Here we are loading the librt library. The librt library is a part of glibc which provides realtime extensions. You can see here that the open call returns with file descriptor 3. Then in the mmap call you can see it mapping the library with PROT_READ and PROT_EXEC permissions, keeping it private and denying writes. Loading things this way means that if another program loads the same library it can share the same page in physical ram. It then protects a portion of that libraries memory from any read or write. It maps another section of the file as read write, but not written to the file, and finally closes the file descriptor.
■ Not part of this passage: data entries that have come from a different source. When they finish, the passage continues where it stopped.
lemma card_blue_edges_to_le_source:
  assumes "row_finite G" "red_closed G X" "inj_on (red_source G) X" "finite X" "X \<subseteq> vertices G"
    and "red_edges_to G w = {g}"
  shows "card (blue_edges G X {w}) \<le> card (blue_edges G X {sc G g})"
proof (rule card_le_if_inj_on_rel[where
      r = "\<lambda>e' e. red_source G (rg G e') = rg G e \<and> cmp G (red_edge_to G (rg G e')) e = cmp G e' g"])
  show "finite (blue_edges G X {sc G g})" using finite_blue_edges assms(1,4,5) .
next
  fix e' assume "e' \<in> blue_edges G X {w}"
  then have e': "e' \<in> paths G" "dg G e' = (1, 0)" "rg G e' \<in> X" "sc G e' = w"
    unfolding blue_edges_def by auto
  obtain f e where "f \<in> red_edges_to G (rg G e')" "e \<in> paths G" "dg G e = (1, 0)"
      "sc G f = rg G e" "sc G e = sc G g" "cmp G f e = cmp G e' g"
    by (rule blue_red_commute[OF e'(1,2)]) (use assms(6) e'(4) in simp)
  moreover have "red_edges_to G (rg G e') = {red_edge_to G (rg G e')}" "red_source G (rg G e') \<in> X"
    using red_closedD[OF assms(2) e'(3)] by auto
  ultimately show "\<exists>e. e \<in> blue_edges G X {sc G g} \<and>
      red_source G (rg G e') = rg G e \<and> cmp G (red_edge_to G (rg G e')) e = cmp G e' g"
    unfolding blue_edges_def red_source_def by auto
next
  fix e1 e2 e assume e12: "e1 \<in> blue_edges G X {w}" "e2 \<in> blue_edges G X {w}"
    and r: "red_source G (rg G e1) = rg G e \<and> cmp G (red_edge_to G (rg G e1)) e = cmp G e1 g"
      "red_source G (rg G e2) = rg G e \<and> cmp G (red_edge_to G (rg G e2)) e = cmp G e2 g"
  have "rg G e1 = rg G e2"
    using inj_onD[OF assms(3)] r e12 unfolding blue_edges_def by auto
  then have "cmp G e1 g = cmp G e2 g" using r by simp
  moreover have "g \<in> paths G" "rg G g = w" using assms(6) unfolding red_edges_to_def by auto
  ultimately show "e1 = e2"
    using cmp_cancel(1)[of e1 g e2 g] e12 unfolding blue_edges_def by auto
qed

lemma card_blue_edges_from_loop:
  assumes "row_finite G" "red_loop G x k" "red_closed G Y" "v \<in> x ` {..<k}"
  shows "card (blue_edges G {v} Y) = card (blue_edges G {x 0} Y)"
proof (rule red_loop_invariant[OF assms(2) _ assms(4)])
  fix u assume "u \<in> x ` {..<k}"
  then have "red_edges_to G u = {red_edge_to G u}"
    using red_closedD(1)[OF red_loop_closed[OF assms(2)]] by blast
  then show "card (blue_edges G {u} Y) \<le> card (blue_edges G {red_source G u} Y)"
    using card_blue_edges_from_le_source[OF assms(1,3)] unfolding red_source_def by blast
qed
(* Let $\|\cdot\|_\alpha$ be a submultiplicative norm belonging to a dimension-invariant family of matrix norms, and let $A$ be an $n\times n$ block strongly nonsingular matrix with blocking $\mathcal{I}$ having $n_t$ blocks. Then $$\rho^{\mathcal{I}}_\alpha(A)\le 1+\max_{1\le k\le n_t-1}\Big[\|A_{1:k,1:k}^{-1}\|_\alpha\min\big(\|A_{k+1:n_t,1:k}\|_\alpha,\|A_{1:k,k+1:n_t}\|_\alpha\big)\Big]\le 1+\max_{1\le k\le n_t-1}\|A_{1:k,1:k}^{-1}\|_\alpha\|A\|_\alpha.$$
   Context: A dimension-invariant family of matrix norms is a choice of norm for matrices of every size such that for every matrix $B$ and every partition of its rows and columns into contiguous blocks $B_{i,j}$, $\max_{i,j}\|B_{i,j}\|\le\|B\|\le\sum_{i,j}\|B_{i,j}\|$. Submultiplicative: $\|BC\|\le\|B\|\|C\|$ for all conformal $B,C$. Blocking: a strictly increasing list $\mathcal{I}=[1=\mathcal{I}_1<\dots<\mathcal{I}_{n_t+1}=n+1]$; $A_{i,j}=A[\mathcal{I}_i:\mathcal{I}_{i+1}-1,\ \mathcal{I}_j:\mathcal{I}_{j+1}-1]$ and $A_{i:j,k:l}$ is the corresponding range of blocks. Block strongly nonsingular: every $A_{1:k,1:k}$ is nonsingular. Block Schur complements: $A^{(1)}=A$, $A^{(k+1)}=A^{(k)}_{k+1:n_t,k+1:n_t}-A^{(k)}_{k+1:n_t,k}(A^{(k)}_{k,k})^{-1}A^{(k)}_{k,k+1:n_t}$. Block growth factor: $\rho^{\mathcal{I}}_\alpha(A)=\max_{1\le k\le n_t}\|A^{(k)}\|_\alpha/\|A\|_\alpha$. *)

theory Defs
  imports "Jordan_Normal_Form.Matrix"
begin

text \<open>Matrices are Jordan_Normal_Form matrices over a real normed field (covers real and complex).
  All indices are 0-based.\<close>

definition subm :: "'a mat \<Rightarrow> nat \<Rightarrow> nat \<Rightarrow> nat \<Rightarrow> nat \<Rightarrow> 'a mat" where
  "subm A r0 r1 c0 c1 = mat (r1 - r0) (c1 - c0) (\<lambda>(i, j). A $$ (r0 + i, c0 + j))"

definition minv :: "'a :: field mat \<Rightarrow> 'a mat" where
  "minv A = (if invertible_mat A
     then (SOME B. B \<in> carrier_mat (dim_row A) (dim_row A) \<and> A * B = 1\<^sub>m (dim_row A) \<and> B * A = 1\<^sub>m (dim_row A))
     else 0\<^sub>m (dim_row A) (dim_row A))"

text \<open>A blocking of size n: strictly increasing list I with I!0 = 0 and last I = n.
  It has n_t = length I - 1 \<ge> 1 blocks; block i (0-based) is the index range I!i ..< I!(i+1).\<close>
definition blocking :: "nat list \<Rightarrow> nat \<Rightarrow> bool" where
  "blocking I n \<longleftrightarrow> length I \<ge> 2 \<and> sorted_wrt (<) I \<and> I ! 0 = 0 \<and> last I = n"

definition nblocks :: "nat list \<Rightarrow> nat" where
  "nblocks I = length I - 1"

definition blk :: "nat list \<Rightarrow> 'a mat \<Rightarrow> nat \<Rightarrow> nat \<Rightarrow> nat \<Rightarrow> nat \<Rightarrow> 'a mat" where
  "blk I A i j k l = subm A (I ! i) (I ! j) (I ! k) (I ! l)"

definition block_strongly_nonsingular :: "nat list \<Rightarrow> 'a :: field mat \<Rightarrow> bool" where
  "block_strongly_nonsingular I A \<longleftrightarrow>
     (\<forall>k \<in> {1..nblocks I}. invertible_mat (blk I A 0 k 0 k))"

text \<open>Block Schur complements: schur I A k (0-based k) is the paper's A^(k+1);
  it is the square matrix indexed by the original rows/columns I!k ..< n.\<close>
fun schur :: "nat list \<Rightarrow> 'a :: field mat \<Rightarrow> nat \<Rightarrow> 'a mat" where
  "schur I A 0 = A"
| "schur I A (Suc k) =
    (let S = schur I A k; m = dim_row S; d = I ! Suc k - I ! k
     in subm S d m d m - subm S d m 0 d * minv (subm S 0 d 0 d) * subm S 0 d d m)"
open("/lib64/libc.so.6", O_RDONLY|O_CLOEXEC) = 3
read(3, "\177ELF\2\1\1\3\0\0\0\0\0\0\0\0\3\0>\0\1\0\0\0\260\27\242\2346\0\0\0"..., 832) = 832
fstat(3, {st_mode=S_IFREG|0755, st_size=2076800, ...}) = 0
mmap(0x369ca00000, 3896632, PROT_READ|PROT_EXEC, MAP_PRIVATE|MAP_DENYWRITE, 3, 0) = 0x369ca00000
mprotect(0x369cbad000, 2097152, PROT_NONE) = 0
mmap(0x369cdad000, 24576, PROT_READ|PROT_WRITE, MAP_PRIVATE|MAP_FIXED|MAP_DENYWRITE, 3, 0x1ad000) = 0x369cdad000
mmap(0x369cdb3000, 17720, PROT_READ|PROT_WRITE, MAP_PRIVATE|MAP_FIXED|MAP_ANONYMOUS, -1, 0) = 0x369cdb3000
close(3)                                = 0

This is basically the same thing as the above library, except it is the libc library. The libc library provides the methods specified in the ANSI C and POSIX C libraries.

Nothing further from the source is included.